Well, I have. And it’s not pretty.
[You would think a former treasury secretary and current PwC employee would have actually considered this “data” to be a little important. Evidently not.]
Corporations paid roughly $190B in federal taxes in 2010 (http://money.cnn.com/2011/01/14/news/economy/corporate_tax_reform/index.htm), yet the S&P 100 added $42.5B in deferred taxes to their balance sheets. So what did the S&P 500 add? $100B? Can this be right? Are companies collectively deferring well over one-half of their federal income taxes? As it stands, companies “report” their deferred taxes and actual paid taxes together as total income taxes:
“Total income taxes are defined to be the sum of all taxes imposed on income by local, provincial or state, national, and foreign governments during the year. It is the total tax provision and includes current taxes as well as the change in net deferred tax liabilities for the year.”
So your average bear, you would just take the total income taxes “paid” at face value. I’m not.
Warren Buffett calls the deferred income tax an “interest free loan” and has used it as one of his primary methods of financing since the early 1990s. Companies are essentially allowed to tell Uncle Sam to wait a while until they’re ready to pay those taxes. But when? ExxonMobil and Berkshire Hathaway collectively have around $70B in deferred taxes on their balance sheets. That’s just TWO companies. Exxon has more deferred income taxes than Total Debt. Think about that. This means that the government is their largest creditor, and they’re loaning money without demanding interest. And all the while, the Federal Reserve targets 2-3% inflation YOY.
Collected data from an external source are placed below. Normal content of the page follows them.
(* Let $N\ge 2$ be an integer. For nonnegative reals $h_1,\dots,h_N,g_1,\dots,g_N$ define (logarithms base $2$, $[x]^+=\max\{x,0\}$, $\Omega^c=\{1,\dots,N\}\setminus\Omega$) $$\overline C:=\min_{\Omega\subseteq\{1,\dots,N\}}\Big\{\log\Big(1+\big(\textstyle\sum_{i\in\Omega}g_i\big)^2\Big)+\log\Big(1+\sum_{j\in\Omega^c}h_j^2\Big)\Big\},$$ and for $\Delta>0$ $$R_{\mathrm{QMF}}(\Delta):=\min_{\Omega\subseteq\{1,\dots,N\}}\Big[\log\Big(1+\sum_{i\in\Omega}g_i^2\Big)+\log\Big(1+\sum_{j\in\Omega^c}\frac{h_j^2}{1+\Delta}\Big)-|\Omega|\log\frac{1+\Delta}{\Delta}\Big]^+.$$ Let $$\mathrm{gap}^*(\Delta;N):=\max\Big\{\log N+N\log\frac{1+\Delta}{\Delta},\ \log(N-1)+(N-1)\log\frac{1+\Delta}{\Delta}+\log(1+\Delta)\Big\}.$$ Then: (i) for every $\Delta>0$ and all nonnegative $h_i,g_i$, $\overline C-R_{\mathrm{QMF}}(\Delta)\le\mathrm{gap}^*(\Delta;N)$; (ii) $\min_{\Delta>0}\mathrm{gap}^*(\Delta;N)$ is attained at $\Delta_{\mathrm{opt}}=\frac{N}{N-1}$ if $N=2$ and at $\Delta_{\mathrm{opt}}=N-1$ if $N>2$, and the minimum value is $$\mathrm{gap}^*(N)=\begin{cases}2\log 3-1,& N=2,\\ N\log\frac{N}{N-1}+2\log(N-1),& N>2;\end{cases}$$ in particular, with the channel-independent choice $\Delta=\Delta_{\mathrm{opt}}$ at all relays, $\overline C-R_{\mathrm{QMF}}(\Delta_{\mathrm{opt}})\le\mathrm{gap}^*(N)=\Theta(\log N)$.
   Context: The setting is the full-duplex Gaussian $N$-relay diamond network: a source transmits $X$ with $\mathbb E|X|^2\le1$; relay $i$ receives $Y_i=\mathsf h_iX+Z_i$ and transmits $X_i$ with $\mathbb E|X_i|^2\le 1$; the destination receives $Y=\sum_i\mathsf g_iX_i+Z$, with i.i.d. $\mathcal{CN}(0,1)$ noises, and $h_i=|\mathsf h_i|$, $g_i=|\mathsf g_i|$. $\overline C$ is the cutset upper bound on capacity, and $R_{\mathrm{QMF}}(\Delta)$ is the quantize-map-and-forward achievable rate when every relay uses a Gaussian vector quantizer $\hat Y_i=Y_i+\hat Z_i$, $\hat Z_i\sim\mathcal{CN}(0,\Delta)$. *)

theory Defs
  imports Complex_Main "HOL-Library.Landau_Symbols"
begin

definition pos_part :: "real \<Rightarrow> real" where
  "pos_part x = max x 0"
If the government decides to alter this rule, and forces companies to start reducing this balance because of our federal revenue crisis, it’s going to have two collective hits on the markets. The first will be when the official ruling comes out. The second will be when companies purposefully write down billions of dollars of bad assets (predominately goodwill and intangibles) to create “paper losses.” This will allow them to write down sizable chunks of their deferred tax liabilities without actually paying out these taxes in cash. This is exactly what happened to companies like Time Warner, Freeport McMoRan, and AT&T in 2008. Their income statement will look like a train wreck while their cash flow statement will still stay relatively intact. But because the morons on Wall St. love to push “earnings,” the markets will freak out and panic selling will occur.